Jorandil: God of Beltane (Sons of Herne, #4)

Home > Other > Jorandil: God of Beltane (Sons of Herne, #4) > Page 5
Jorandil: God of Beltane (Sons of Herne, #4) Page 5

by J. Rose Allister


  “You must be good and lost, girl,” one of them called out, and the other laughed, a thick, hoarse cackle.

  Maybe she was lost. Her mind, anyway, if she had come out here looking for a way out of her delusions of romance. Or, if she was honest with herself, looking for a way to jump into them more fully. Why couldn’t she find a psychic uptown in Smiley Heights? She might still be fearing for her sanity up there, but at least she wouldn’t have this crawling sensation along her spine, the need to shoot glances behind her to make sure she wasn’t being followed. She had searched for other mediums in the area, once she’d gotten the email confirming her A on the final. There had been palmists and tarot readers closer to home, but none had called out to her. Many got scathing comments on the Internet. Stella Banks, meanwhile, had a low rent address but high rate reviews—though admittedly, not many. Still, that and the cut on her finger had been enough to prompt an appointment.

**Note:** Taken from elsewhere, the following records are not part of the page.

lemma boundary_subcomplex:
  assumes K: "simplicial_complex K" and L: "simplicial_complex L" and "K \<subseteq> L"
    and c: "c \<in> chains K k"
  shows "boundary L k c = boundary K k c"
proof
  fix \<tau>
  show "boundary L k c \<tau> = boundary K k c \<tau>"
  proof (cases "\<tau> \<in> K")
    case True
    have "incidence_sum L k c \<tau> = incidence_sum K k c \<tau>"
      unfolding incidence_sum_def using assms simplicial_complexD(1)[OF L] chains_outside[OF c]
      by (intro sum.mono_neutral_right) (auto simp: simplices_def)
    then show ?thesis using True \<open>K \<subseteq> L\<close> by (auto simp: boundary_eq_incidence_sum)
  next
    case False
    have "c \<sigma> = 0" if "\<tau> \<subseteq> \<sigma>" "\<tau> \<noteq> {}" for \<sigma>
      using that False simplicial_complexD(4)[OF K] chains_outside[OF c] by blast
    then have "incidence_sum L k c \<tau> = 0" if "\<tau> \<in> L"
      using that simplicial_complexD(3)[OF L] unfolding incidence_sum_def by (auto intro!: sum.neutral)
    then show ?thesis using False by (simp add: boundary_eq_incidence_sum)
  qed
qed

lemma cycles_lincomb:
  "c \<in> cycles K k \<Longrightarrow> d \<in> cycles K k \<Longrightarrow> (\<lambda>x. a * c x + d x) \<in> cycles K k"
  unfolding cycles_def by (simp add: chains_lincomb boundary_lincomb)

lemma cycles_diff: "c \<in> cycles K k \<Longrightarrow> d \<in> cycles K k \<Longrightarrow> (\<lambda>x. c x - d x) \<in> cycles K k"
  using cycles_lincomb[of d K k c "-1"] by simp

lemma cycles_mono:
  assumes "simplicial_complex K" "simplicial_complex L" "K \<subseteq> L"
  shows "cycles K k \<subseteq> cycles L k"
  using boundary_subcomplex[OF assms] chains_mono[OF assms(3)] unfolding cycles_def by auto
(* For each real number $\epsilon>0$ and each integer $m\ge 3$ there is a positive integer $n$ and a subset $S\subseteq\mathbb{Z}/n\mathbb{Z}$ with $|S|\ge(1-\epsilon)n$ such that $S$ is simultaneously $(k,j)$-product-free for all positive integers $k>j$ with $k+j\le m$.
   Context: For positive integers $k,j$, a subset $S\subseteq\mathbb{Z}/n\mathbb{Z}$ is called $(k,j)$-product-free if there is no solution of $a_1a_2\cdots a_k\equiv b_1b_2\cdots b_j\pmod n$ with all $a_1,\dots,a_k,b_1,\dots,b_j\in S$ (not necessarily distinct). *)

theory Defs
  imports Complex_Main
begin

text \<open>Z/nZ is represented by residues {0..<n} (natural numbers); congruence mod n
is compared via mod n.\<close>

definition product_free :: "nat \<Rightarrow> nat \<Rightarrow> nat \<Rightarrow> nat set \<Rightarrow> bool" where
  "product_free n k j S \<longleftrightarrow>
     (\<forall>as bs. length as = k \<longrightarrow> length bs = j \<longrightarrow> set as \<subseteq> S \<longrightarrow> set bs \<subseteq> S \<longrightarrow>
        prod_list as mod n \<noteq> prod_list bs mod n)"

end

theory Submission
  imports Defs "HOL-Analysis.Analysis"
begin

(* Fix a finite set P of large primes with \<mu> = (\<Sum>p\<in>P. 1/p) huge, let
   n = (\<Prod>p\<in>P. p^m), and let S consist of the residues x that are not divisible by p^2
   for any p \<in> P and whose number \<omega>(x) of prime divisors from P lies in the window
   [(1-\<delta>)\<mu>, (1+\<delta>)\<mu>], where \<delta> = 1/(2m+2).

   Density: \<omega> has mean \<mu> and variance at most \<mu> on {0..<n}, so by Chebyshev only a
   fraction 1/(\<delta>^2 \<mu>) of residues leaves the window; residues divisible by some p^2
   form a fraction at most \<Sum> 1/p^2, which is small because all p are large.  The
   existence of P rests on the divergence of \<Sum> 1/p, derived from harm N \<le> exp (2 \<Sum>_{p\<le>N} 1/p).

   Product-freeness: a product of fewer than m elements of S has p-adic valuation < m for
   each p \<in> P, and these valuations are determined by the residue modulo p^m.  So
   a_1\<cdots>a_k \<equiv> b_1\<cdots>b_j (mod n) forces \<Sum> \<omega>(a_i) = \<Sum> \<omega>(b_i), impossible since
   k(1-\<delta>)\<mu> > j(1+\<delta>)\<mu> whenever k > j and k + j \<le> m. *)


subsection \<open>Divergence of the sum of prime reciprocals\<close>

lemma prime_factorisation_up_to:
  fixes n N :: nat
  assumes "1 \<le> n" "n \<le> N"
  shows "n = (\<Prod>p\<in>{p. prime p \<and> p \<le> N}. p ^ multiplicity p n)"
proof -
  have sub: "prime_factors n \<subseteq> {p. prime p \<and> p \<le> N}"
  proof
    fix p assume "p \<in> prime_factors n"
    then have "prime p" "p dvd n" by (auto simp: in_prime_factors_iff)
    then have "p \<le> n" using assms dvd_imp_le by auto
    then show "p \<in> {p. prime p \<and> p \<le> N}" using \<open>prime p\<close> assms by auto
  qed
  have trivial_factors: "p ^ multiplicity p n = 1" if "p \<in> {p. prime p \<and> p \<le> N} - prime_factors n" for p
  proof -
    have "\<not> p dvd n" using that assms by (auto simp: in_prime_factors_iff)
    then show ?thesis by (simp add: not_dvd_imp_multiplicity_0)
  qed
  have "n = (\<Prod>p\<in>prime_factors n. p ^ multiplicity p n)"
    using prod_prime_factors[of n] assms by simp
  also have "\<dots> = (\<Prod>p\<in>{p. prime p \<and> p \<le> N}. p ^ multiplicity p n)"
    using trivial_factors by (intro prod.mono_neutral_left[OF _ sub]) auto
  finally show ?thesis .
qed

  Two more businesses, another behind a cage, the second boarded up with graffiti-spattered plywood, and then there was finally one with signs of life. Cigars, cigarettes, beer and wine, read the sign, and painted crudely in the front window, e-cigs now here.

  Footsteps hit the pavement behind her, and her heart sped. She spun around automatically, not pleased to see a man following her with a hard-set jaw, a jean jacket over a black hoodie, which was pulled up over his head, and narrow eyes that targeted her without apology.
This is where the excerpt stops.